Source records ::
-*-

lemma row_centre_offset_bounds:
  fixes M t :: real and r :: int
  assumes "M > 0" and "\<lceil>t * M\<rceil> \<le> r" and "r < \<lceil>t * M\<rceil> + int K"
  shows "0 \<le> (of_int r + 1 / 2) / M - t \<and> (of_int r + 1 / 2) / M - t \<le> real (K + 1) / M"
proof -
  have "t * M \<le> of_int r"
    using le_of_int_ceiling[of "t * M"] assms(2) by linarith
  moreover have "of_int r \<le> t * M + real K"
    using of_int_ceiling_le_add_one[of "t * M"] assms(3) by linarith
  moreover have "((of_int r + 1 / 2) / M - t) * M = of_int r + 1 / 2 - t * M"
    using assms(1) by (simp add: field_simps)
  ultimately have "0 \<le> ((of_int r + 1 / 2) / M - t) * M" "((of_int r + 1 / 2) / M - t) * M \<le> real (K + 1)"
    by simp_all
  then show ?thesis
    using assms(1) by (simp add: zero_le_mult_iff pos_le_divide_eq)
qed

-*-

To do :: Out of the entries, pull every line that mentions "linarith".

Output ::
    using le_of_int_ceiling[of "t * M"] assms(2) by linarith
    using of_int_ceiling_le_add_one[of "t * M"] assms(3) by linarith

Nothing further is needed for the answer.